Zack stopped in the act of swallowing his drink. "What?"
"I was actually found in a cardboard box on top of a trash can in an alley, wrapped in a towel. The janitor who found me took me inside to his wife until I was warm enough to be taken outdoors again to the hospital. He felt I should be named after his wife who'd looked after me that day, and so they called me Julie."
"My God," Zack said, trying not to look as horrified as he felt.
"I was lucky! It could have been much, much worse."
Zack was so appalled, he missed the laughter in her entrancing eyes. "How?"
"His wife's name could have been Mathilda. Or Gertrude. Or Wilhimena.
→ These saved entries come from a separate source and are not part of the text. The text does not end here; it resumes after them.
(* Let $\theta_0\in\,]0,\pi/2[$, $\ell>0$, $\kappa>0$, and let $I:[0,\infty)\to[0,1]$ be any non-decreasing function. Then the optimization problem (OP1) with light intensity $I$ has at least one optimal solution $(h,\theta)$.
   Context: Model 1 (stem of fixed length $\ell$ and constant leaf density $\kappa$; light comes from a direction making angle $\theta_0$ as below). For $\theta\in[\theta_0,\pi/2]$ define $$G(\theta)=\Big(1-\exp\Big\{\frac{-\kappa}{\cos(\theta-\theta_0)}\Big\}\Big)\cos(\theta-\theta_0),\qquad g(\theta)=\frac{G(\theta)}{\sin\theta}.$$ Given a non-decreasing light intensity function $I:[0,\infty)\to[0,1]$, problem (OP1) is: among all pairs $(h,\theta)$ with $h>0$ and $\theta:[0,h]\to[\theta_0,\pi/2]$ measurable satisfying the length constraint $\int_0^h \frac{dy}{\sin\theta(y)}=\ell$, maximize $J(h,\theta)=\int_0^h I(y)\,g(\theta(y))\,dy$. An optimal solution is an admissible pair attaining the supremum of $J$ over all admissible pairs. *)

theory Defs
  imports "HOL-Analysis.Analysis"
begin

definition G1 :: "real \<Rightarrow> real \<Rightarrow> real \<Rightarrow> real" where
  "G1 \<kappa> \<theta>\<^sub>0 \<theta> = (1 - exp (- \<kappa> / cos (\<theta> - \<theta>\<^sub>0))) * cos (\<theta> - \<theta>\<^sub>0)"

definition g1 :: "real \<Rightarrow> real \<Rightarrow> real \<Rightarrow> real" where
  "g1 \<kappa> \<theta>\<^sub>0 \<theta> = G1 \<kappa> \<theta>\<^sub>0 \<theta> / sin \<theta>"
(* Relation (6): D = (x-y)(y-z)(x-z) anticommutes with a and b, so (4) and its mirror
   say a D = D = b D; then R D = 6 D, and 6 is invertible. *)
lemma cubic_relation:
  fixes c6 :: 'a
  assumes R: "tl_elem a b = 0"
    and Wa: "(z - y) * (z - x) * (a + 1) = 0" and Wb: "(x - y) * (x - z) * (b + 1) = 0"
    and c6: "c6 * of_nat 6 = 1"
  shows "(x - y) * (y - z) * (x - z) = 0"
proof -
  define D where "D = (x - y) * (y - z) * (x - z)"
  have "D * (a + 1) = (x - y) * ((z - y) * (z - x) * (a + 1))"
    unfolding D_def by (simp add: algebra_simps normalize)
  moreover have "D * a = - (a * D)" unfolding D_def by (simp add: algebra_simps normalize)
  ultimately have aD: "a * D = D" using Wa by (simp add: distrib_left add_eq_0_iff add.commute)
  have "D * (b + 1) = (y - z) * ((x - y) * (x - z) * (b + 1))"
    unfolding D_def by (simp add: algebra_simps normalize)
  moreover have "D * b = - (b * D)" unfolding D_def by (simp add: algebra_simps normalize)
  ultimately have bD: "b * D = D" using Wb by (simp add: distrib_left add_eq_0_iff add.commute)
  have "of_nat 6 * D = tl_elem a b * D"
    unfolding tl_elem_def of_nat_6_mult by (simp add: distrib_right mult.assoc aD bD)
  hence "of_nat 6 * D = 0" using R by simp
  then show ?thesis unfolding D_def using c6 by (rule cancel_invertible_multiple[rotated])
qed
lemma nth_at_x0_eq_0_if_proper:
  assumes K: "is_ideal K" "1 \<notin> K" and g: "g \<in> K"
  shows "fps_nth (at_x0 g) 0 = 0"
proof (rule ccontr)
  assume "fps_nth (at_x0 g) 0 \<noteq> 0"
  then have "fps_nth g 0 * inverse (fps_nth g 0) = 1"
    by (intro inverse_mult_eq_1') (simp add: at_x0_def)
  then obtain h where "g * h = 1" using fps_right_inverse by blast
  then show False using is_ideal_mult_right[OF K(1) g, of h] K(2) by simp
qed

section \<open>Colength\<close>

lemma eliminate_last_coefficient:
  fixes g h :: ps and f :: "nat \<Rightarrow> ps" and C D :: "nat \<Rightarrow> complex"
  assumes "r * D n = C n"
  shows "(g - sc r * h) - (\<Sum>i<n. sc (C i - r * D i) * f i) =
    (g - (\<Sum>i<Suc n. sc (C i) * f i)) - sc r * (h - (\<Sum>i<Suc n. sc (D i) * f i))"
proof -
  have last: "sc r * (sc (D n) * f n) = sc (C n) * f n"
    using assms by (simp add: mult.assoc[symmetric] sc_mult[symmetric])
  have "(\<Sum>i<n. sc (C i - r * D i) * f i) = (\<Sum>i<n. sc (C i) * f i) - sc r * (\<Sum>i<n. sc (D i) * f i)"
    by (simp add: sc_diff sc_mult sum_subtractf sum_distrib_left left_diff_distrib mult.assoc)
  then show ?thesis
    unfolding sum.lessThan_Suc right_diff_distrib distrib_left last by simp
qed

lemma dependent_mod_ideal:
  fixes g f :: "nat \<Rightarrow> ps" and C :: "nat \<Rightarrow> nat \<Rightarrow> complex"
  assumes W: "is_ideal W"
  shows "finite A \<Longrightarrow> n < card A \<Longrightarrow> (\<forall>l\<in>A. g l - (\<Sum>i<n. sc (C l i) * f i) \<in> W) \<Longrightarrow>
     \<exists>c. (\<exists>l\<in>A. c l \<noteq> 0) \<and> (\<Sum>l\<in>A. sc (c l) * g l) \<in> W"
proof (induction n arbitrary: A g C)
  case 0
  then obtain l0 where l0: "l0 \<in> A" by fastforce
  define c :: "nat \<Rightarrow> complex" where "c = (\<lambda>l. if l = l0 then 1 else 0)"
  have "(\<Sum>l\<in>A. sc (c l) * g l) = (\<Sum>l\<in>A. if l = l0 then g l else 0)"
    by (rule sum.cong) (auto simp: c_def)
  also have "\<dots> = g l0" using l0 0 by simp
  finally show ?case using 0 l0 by (intro exI[of _ c]) (auto simp: c_def)
next
  case (Suc n)
  show ?case
  proof (cases "\<forall>l\<in>A. C l n = 0")
    case True
    then show ?thesis using Suc by simp
  next
    case False
    \<comment> \<open>Gaussian elimination of the last coordinate \<open>f n\<close> using a vector \<open>g l0\<close> that involves it.\<close>
    then obtain l0 where l0: "l0 \<in> A" "C l0 n \<noteq> 0" by blast
    define lam where "lam l = C l n / C l0 n" for l
    define A' where "A' = A - {l0}"
    define g' where "g' l = g l - sc (lam l) * g l0" for l
    define C' where "C' l i = C l i - lam l * C l0 i" for l i
    have "\<forall>l\<in>A'. g' l - (\<Sum>i<n. sc (C' l i) * f i) \<in> W"
    proof
      fix l assume "l \<in> A'"
      have lam: "lam l * C l0 n = C l n" using l0(2) by (simp add: lam_def)
      have "g l - (\<Sum>i<Suc n. sc (C l i) * f i) \<in> W" using Suc.prems(3) \<open>l \<in> A'\<close> by (simp add: A'_def)
      moreover have "g l0 - (\<Sum>i<Suc n. sc (C l0 i) * f i) \<in> W" using Suc.prems(3) l0(1) by blast
      ultimately show "g' l - (\<Sum>i<n. sc (C' l i) * f i) \<in> W"
        unfolding g'_def C'_def eliminate_last_coefficient[where C = "C l" and D = "C l0", OF lam]
        by (rule is_ideal_diff[OF W _ is_ideal_mult[OF W]])
    qed
    moreover have "finite A'" "n < card A'" using Suc.prems l0 by (auto simp: A'_def)
    ultimately obtain c' where c': "\<exists>l\<in>A'. c' l \<noteq> 0" "(\<Sum>l\<in>A'. sc (c' l) * g' l) \<in> W"
      using Suc.IH by blast
    define c where "c l = (if l = l0 then - (\<Sum>l'\<in>A'. c' l' * lam l') else c' l)" for l
    have "(\<Sum>l\<in>A. sc (c l) * g l) = sc (c l0) * g l0 + (\<Sum>l\<in>A'. sc (c' l) * g l)"
      using Suc.prems(1) l0 by (simp add: A'_def sum.remove c_def)
    also have "\<dots> = (\<Sum>l\<in>A'. sc (c' l) * g' l)"
      by (simp add: c_def g'_def sc_uminus sc_sum sc_mult sum_distrib_right right_diff_distrib
          sum_subtractf mult.assoc)
    finally have "(\<Sum>l\<in>A. sc (c l) * g l) \<in> W" using c' by simp
    moreover have "\<exists>l\<in>A. c l \<noteq> 0" using c'(1) by (auto simp: c_def A'_def)
    ultimately show ?thesis by blast
  qed
qed

lemma independent_le_colength:
  assumes W: "is_ideal W" and cl: "colength W n"
    and ind: "\<forall>c. (\<Sum>l<m. sc (c l) * g l) \<in> W \<longrightarrow> (\<forall>l<m. c l = 0)"
  shows "m \<le> n"
proof (rule ccontr)
  assume "\<not> m \<le> n"
  then have mn: "n < card {..<m}" by simp
  obtain f where "\<forall>g. \<exists>c. g - (\<Sum>i<n. sc (c i) * f i) \<in> W"
    using cl unfolding colength_def by blast
  then have "\<forall>l. \<exists>c. g l - (\<Sum>i<n. sc (c i) * f i) \<in> W" by blast
  then obtain C where "\<forall>l. g l - (\<Sum>i<n. sc (C l i) * f i) \<in> W" by (rule choice[THEN exE])
  from dependent_mod_ideal[OF W _ mn] this
  obtain c where "\<exists>l\<in>{..<m}. c l \<noteq> 0" "(\<Sum>l<m. sc (c l) * g l) \<in> W"
    by blast
  then show False using ind by auto
qed

lemma colength_unique:
  assumes W: "is_ideal W" and "colength W n" "colength W m"
  shows "n = m"
proof -
  obtain f where "\<forall>c. (\<Sum>i<n. sc (c i) * f i) \<in> W \<longrightarrow> (\<forall>i<n. c i = 0)"
    using assms(2) unfolding colength_def by blast
  from independent_le_colength[OF W assms(3) this] have "n \<le> m" .
  moreover obtain g where "\<forall>c. (\<Sum>i<m. sc (c i) * g i) \<in> W \<longrightarrow> (\<forall>i<m. c i = 0)"
    using assms(3) unfolding colength_def by blast
  from independent_le_colength[OF W assms(2) this] have "m \<le> n" .
  ultimately show ?thesis by simp
qed

lemma colength_UNIV: "colength UNIV 0"
  by (simp add: colength_def)

lemma sum_lessThan_add:
  fixes h :: "nat \<Rightarrow> 'a::comm_monoid_add"
  shows "(\<Sum>i<a + d. h i) = (\<Sum>i<a. h i) + (\<Sum>l<d. h (a + l))"
  by (induct d) (simp_all add: add.assoc)

lemma colength_add_basis:
  assumes W: "is_ideal W" and W': "is_ideal W'" and sub: "W \<subseteq> W'"
    and cl: "colength W' a"
    and gin: "\<forall>l<d. g l \<in> W'"
    and span: "\<forall>w\<in>W'. \<exists>c. w - (\<Sum>l<d. sc (c l) * g l) \<in> W"
    and ind: "\<forall>c. (\<Sum>l<d. sc (c l) * g l) \<in> W \<longrightarrow> (\<forall>l<d. c l = 0)"
  shows "colength W (a + d)"
proof -
  obtain f where fspan: "\<forall>h. \<exists>c. h - (\<Sum>i<a. sc (c i) * f i) \<in> W'"
    and find: "\<forall>c. (\<Sum>i<a. sc (c i) * f i) \<in> W' \<longrightarrow> (\<forall>i<a. c i = 0)"
    using cl unfolding colength_def by blast
  define F where "F i = (if i < a then f i else g (i - a))" for i
  have split: "(\<Sum>i<a + d. sc (c i) * F i) =
      (\<Sum>i<a. sc (c i) * f i) + (\<Sum>l<d. sc (c (a + l)) * g l)" for c
    unfolding sum_lessThan_add by (simp add: F_def)
  show ?thesis unfolding colength_def
  proof (intro exI[of _ F] conjI allI impI)
    fix h
    obtain c1 where "h - (\<Sum>i<a. sc (c1 i) * f i) \<in> W'" using fspan by blast
    then obtain c2 where c2: "h - (\<Sum>i<a. sc (c1 i) * f i) - (\<Sum>l<d. sc (c2 l) * g l) \<in> W"
      using span by blast
    define c where "c i = (if i < a then c1 i else c2 (i - a))" for i
    have "(\<Sum>i<a + d. sc (c i) * F i) = (\<Sum>i<a. sc (c1 i) * f i) + (\<Sum>l<d. sc (c2 l) * g l)"
      unfolding split by (simp add: c_def)
    then show "\<exists>c. h - (\<Sum>i<a + d. sc (c i) * F i) \<in> W"
      using c2 by (intro exI[of _ c]) (simp add: algebra_simps)
  next
    fix c i assume H: "(\<Sum>i<a + d. sc (c i) * F i) \<in> W" and i: "i < a + d"
    have G: "(\<Sum>l<d. sc (c (a + l)) * g l) \<in> W'"
      using gin by (intro is_ideal_sum[OF W'] is_ideal_mult[OF W']) auto
    have "(\<Sum>i<a. sc (c i) * f i) + (\<Sum>l<d. sc (c (a + l)) * g l) \<in> W'"
      using H sub split by auto
    then have "(\<Sum>i<a. sc (c i) * f i) \<in> W'"
      using is_ideal_diff[OF W' _ G] by fastforce
    then have z1: "\<forall>i<a. c i = 0" using find by blast
    then have "(\<Sum>l<d. sc (c (a + l)) * g l) \<in> W" using H split by simp
    then have z2: "\<forall>l<d. c (a + l) = 0" using ind[rule_format, of "\<lambda>l. c (a + l)"] by blast
    show "c i = 0"
      using z1 z2[rule_format, of "i - a"] i by (cases "i < a") auto
  qed
qed

lemma colength_add_colon:
  assumes W: "is_ideal W"
    and sum: "colength (ideal_sum W (principal m)) a"
    and col: "colength (colon W m) d"
  shows "colength W (a + d)"
proof -
  obtain b where bspan: "\<forall>t. \<exists>c. t - (\<Sum>l<d. sc (c l) * b l) \<in> colon W m"
    and bind: "\<forall>c. (\<Sum>l<d. sc (c l) * b l) \<in> colon W m \<longrightarrow> (\<forall>l<d. c l = 0)"
    using col unfolding colength_def by blast
  have factor: "(\<Sum>l<d. sc (c l) * (m * b l)) = m * (\<Sum>l<d. sc (c l) * b l)" for c
    by (simp add: sum_distrib_left mult.left_commute)
  show ?thesis
  proof (rule colength_add_basis[OF W is_ideal_ideal_sum[OF W is_ideal_principal] _ sum])
    show "W \<subseteq> ideal_sum W (principal m)"
    proof
      fix w assume "w \<in> W"
      moreover have "w = w + m * 0" by simp
      ultimately show "w \<in> ideal_sum W (principal m)"
        unfolding mem_ideal_sum mem_principal by blast
    qed
    show "\<forall>l<d. m * b l \<in> ideal_sum W (principal m)"
      unfolding mem_ideal_sum mem_principal using is_ideal_zero[OF W] by force
    show "\<forall>w\<in>ideal_sum W (principal m). \<exists>c. w - (\<Sum>l<d. sc (c l) * (m * b l)) \<in> W"
    proof
      fix w assume "w \<in> ideal_sum W (principal m)"
      then obtain w0 t where w: "w = w0 + m * t" "w0 \<in> W"
        unfolding mem_ideal_sum mem_principal by blast
      obtain c where "m * (t - (\<Sum>l<d. sc (c l) * b l)) \<in> W"
        using bspan unfolding colon_def by blast
      then have "w0 + m * (t - (\<Sum>l<d. sc (c l) * b l)) \<in> W"
        using is_ideal_add[OF W w(2)] by blast
      then show "\<exists>c. w - (\<Sum>l<d. sc (c l) * (m * b l)) \<in> W"
        by (intro exI[of _ c]) (simp add: w factor right_diff_distrib add_diff_eq)
    qed
    show "\<forall>c. (\<Sum>l<d. sc (c l) * (m * b l)) \<in> W \<longrightarrow> (\<forall>l<d. c l = 0)"
      using bind unfolding factor colon_def by blast
  qed
qed

lemma colength_by_coordinates:
  fixes \<Phi> :: "ps \<Rightarrow> nat \<Rightarrow> complex"
  assumes add: "\<And>g h l. l < d \<Longrightarrow> \<Phi> (g + h) l = \<Phi> g l + \<Phi> h l"
    and scale: "\<And>c g l. l < d \<Longrightarrow> \<Phi> (sc c * g) l = c * \<Phi> g l"
    and dual: "\<And>l. l < d \<Longrightarrow> \<exists>b. \<forall>l'<d. \<Phi> b l' = (if l' = l then 1 else 0)"
    and kernel: "\<And>g. g \<in> W \<longleftrightarrow> (\<forall>l<d. \<Phi> g l = 0)"
  shows "colength W d"
proof -
  have zero: "\<Phi> 0 l = 0" if "l < d" for l
    using add[OF that, of 0 0] by simp
  have sum: "\<Phi> (sum h A) l = (\<Sum>i\<in>A. \<Phi> (h i) l)" if "l < d" for h and A :: "nat set" and l
    by (induct A rule: infinite_finite_induct) (auto simp: zero add that)
  have diff: "\<Phi> (g - h) l = \<Phi> g l - \<Phi> h l" if "l < d" for g h l
    using add[OF that, of "g - h" h] by simp
  obtain b where b: "\<forall>l<d. \<forall>l'<d. \<Phi> (b l) l' = (if l' = l then 1 else 0)"
    using dual by metis
  have coord: "\<Phi> (\<Sum>i<d. sc (c i) * b i) l = c l" if "l < d" for c l
  proof -
    have "\<Phi> (\<Sum>i<d. sc (c i) * b i) l = (\<Sum>i<d. c i * (if l = i then 1 else 0))"
      using that b by (simp add: sum scale)
    also have "\<dots> = c l" using that by (simp add: if_distrib cong: if_cong)
    finally show ?thesis .
  qed
  show ?thesis unfolding colength_def
  proof (intro exI[of _ b] conjI allI impI)
    fix g
    show "\<exists>c. g - (\<Sum>i<d. sc (c i) * b i) \<in> W"
      by (intro exI[of _ "\<Phi> g"]) (simp add: kernel diff coord)
  next
    fix c i assume "(\<Sum>i<d. sc (c i) * b i) \<in> W" "i < d"
    then show "c i = 0" using coord kernel by metis
  qed
qed
lemma generator_hitQ_product_form:
  fixes i :: 'n and g :: real
  assumes g: "0 \<le> g" and x: "x \<in> nonneg_states"
  defines "a \<equiv> \<lambda>j. 1 + hitQ P j i * g"
  shows "generator lam mu P (product_form a) x = g * product_form a x
    * ((\<Sum>k\<in>UNIV. lam k * hitQ P k i)
       - (if 0 < x i then mu i * (1 - return_prob P i) / (1 + g) else 0))"
proof -
  have a_pos: "0 < a j" for j
    using g hitQ_nonneg by (simp add: a_def add_pos_nonneg)
  have outflow: "exit_prob P k + (\<Sum>j\<in>UNIV. P$k$j * a j) = 1 + g * (\<Sum>j\<in>UNIV. P$k$j * hitQ P j i)" for k
    by (simp add: exit_prob_def a_def sum.distrib sum_distrib_left algebra_simps)
  have "(if 0 < x k then mu k * ((exit_prob P k + (\<Sum>j\<in>UNIV. P$k$j * a j)) / a k - 1) else 0)
      = (if k = i then - g * (if 0 < x i then mu i * (1 - return_prob P i) / (1 + g) else 0) else 0)" for k
  proof (cases "k = i")
    case True
    have "a i = 1 + g" "1 + g \<noteq> 0"
      using g by (simp_all add: a_def hitQ_self)
    moreover have "exit_prob P i + (\<Sum>j\<in>UNIV. P$i$j * a j) = 1 + g * return_prob P i"
      unfolding outflow return_prob_def by (simp add: mult.commute)
    ultimately show ?thesis
      unfolding True by (simp add: field_simps)
  next
    case False
    then have "exit_prob P k + (\<Sum>j\<in>UNIV. P$k$j * a j) = a k"
      unfolding outflow using hitQ_first_step[OF False]
      by (simp add: a_def mult.commute)
    with False a_pos[of k] show ?thesis
      by simp
  qed
  then have services: "(\<Sum>k\<in>UNIV. if 0 < x k then mu k * ((exit_prob P k + (\<Sum>j\<in>UNIV. P$k$j * a j)) / a k - 1) else 0)
      = - g * (if 0 < x i then mu i * (1 - return_prob P i) / (1 + g) else 0)"
    by simp
  have arrivals: "(\<Sum>k\<in>UNIV. lam k * (a k - 1)) = g * (\<Sum>k\<in>UNIV. lam k * hitQ P k i)"
    by (simp add: a_def sum_distrib_left algebra_simps)
  show ?thesis
    unfolding generator_product_form[OF a_pos x] sum.distrib services arrivals
    by (simp add: algebra_simps)
qed

end

theorem lemma5p1:
  fixes lam mu nu gam :: "'n::finite \<Rightarrow> real" and P :: "real^'n^'n"
  assumes lam_nonneg: "\<And>i. 0 \<le> lam i"
    and mu_pos: "\<And>i. 0 < mu i"
    and P_nonneg: "\<And>i j. 0 \<le> P$i$j"
    and P_diag: "\<And>i. P$i$i = 0"
    and P_rows: "\<And>i. (\<Sum>j\<in>UNIV. P$i$j) \<le> 1"
    and A: "hypA lam mu P"
    and traffic: "\<And>j. nu j = lam j + (\<Sum>i\<in>UNIV. nu i * P$i$j)"
    and gam_nonneg: "\<And>i. 0 \<le> gam i"
    and x: "x \<in> nonneg_states"
  shows "generator lam mu P
           (\<lambda>y. exp (\<Sum>j\<in>UNIV. ln (1 + hitQ P j i * gam i) * real_of_int (y j))) x
         = gam i / (greenG P)$i$i
             * (nu i - (if x i > 0 then mu i / (1 + gam i) else 0))
             * exp (\<Sum>j\<in>UNIV. ln (1 + hitQ P j i * gam i) * real_of_int (x j))"
proof -
  let ?f = "product_form (\<lambda>j. 1 + hitQ P j i * gam i)"
  have inv: "invertible (mat 1 - P)"
    by (rule invertible_I_minus_P[OF P_nonneg P_rows A])
  have escape: "1 - return_prob P i = 1 / greenG P $ i $ i"
    using return_prob_greenG[OF P_nonneg P_rows inv, of i]
    by (metis divide_eq_eq mult_not_zero zero_neq_one)
  have "generator lam mu P ?f x
      = gam i * ?f x * ((1 - return_prob P i) * nu i
          - (if 0 < x i then mu i * (1 - return_prob P i) / (1 + gam i) else 0))"
    using generator_hitQ_product_form[OF P_nonneg P_rows gam_nonneg x, of lam mu i]
    unfolding sum_arrivals_hitQ[OF P_nonneg P_rows inv traffic] .
  also have "\<dots> = gam i / greenG P $ i $ i
      * (nu i - (if 0 < x i then mu i / (1 + gam i) else 0)) * ?f x"
    unfolding escape by (simp add: algebra_simps)
  also have "?f = (\<lambda>y. exp (\<Sum>j\<in>UNIV. ln (1 + hitQ P j i * gam i) * real_of_int (y j)))"
    by (simp add: fun_eq_iff product_form_def)
  finally show ?thesis .
qed

end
I used to have nightmares about being named Wilhimena."
He felt it happening again, that peculiar sharp tug on his heart, the funny ache in his chest when she smiled like that. "The story has a happy ending at any rate," he said, trying to reassure himself, which seemed ridiculous at this late date, even to him. "You were adopted by the Mathisons, right?" When she nodded, he concluded, "And they got themselves a beautiful baby girl to love."
"Not quite."
"What?" he said again, feeling stupid and dazed.
"What the Mathisons actually got was an eleven-year-old girl who'd already tried to embark on a life of crime on the Chicago streets—aided and abetted by some boys a little older than me who showed me certain … ah … tricks. Actually," she added gaily, "I probably would have had quite an illustrious career." She held up her hand and wiggled her long fingers at him, explaining, "I had very quick fingers. Sticky ones."
"You stole?"
"Yes, and I got busted when I was eleven."
"For stealing?" Zack uttered in disbelief.
"Certainly not," she said, looking stung. "I was much too quick to get caught. I got hauled in on a bum rap."
Zack gaped at her. Just hearing her use the street cant made him feel like shaking his head to clear it. And yet, the finely honed imagination that had made him a successful director was already at work, visualizing her as she'd probably been as a little girl: small and thin, he decided, from poor nourishment … a gamin face dominated by those huge Dondi eyes of hers … small, stubborn chin … dark hair, short and shaggy from inattention … feisty.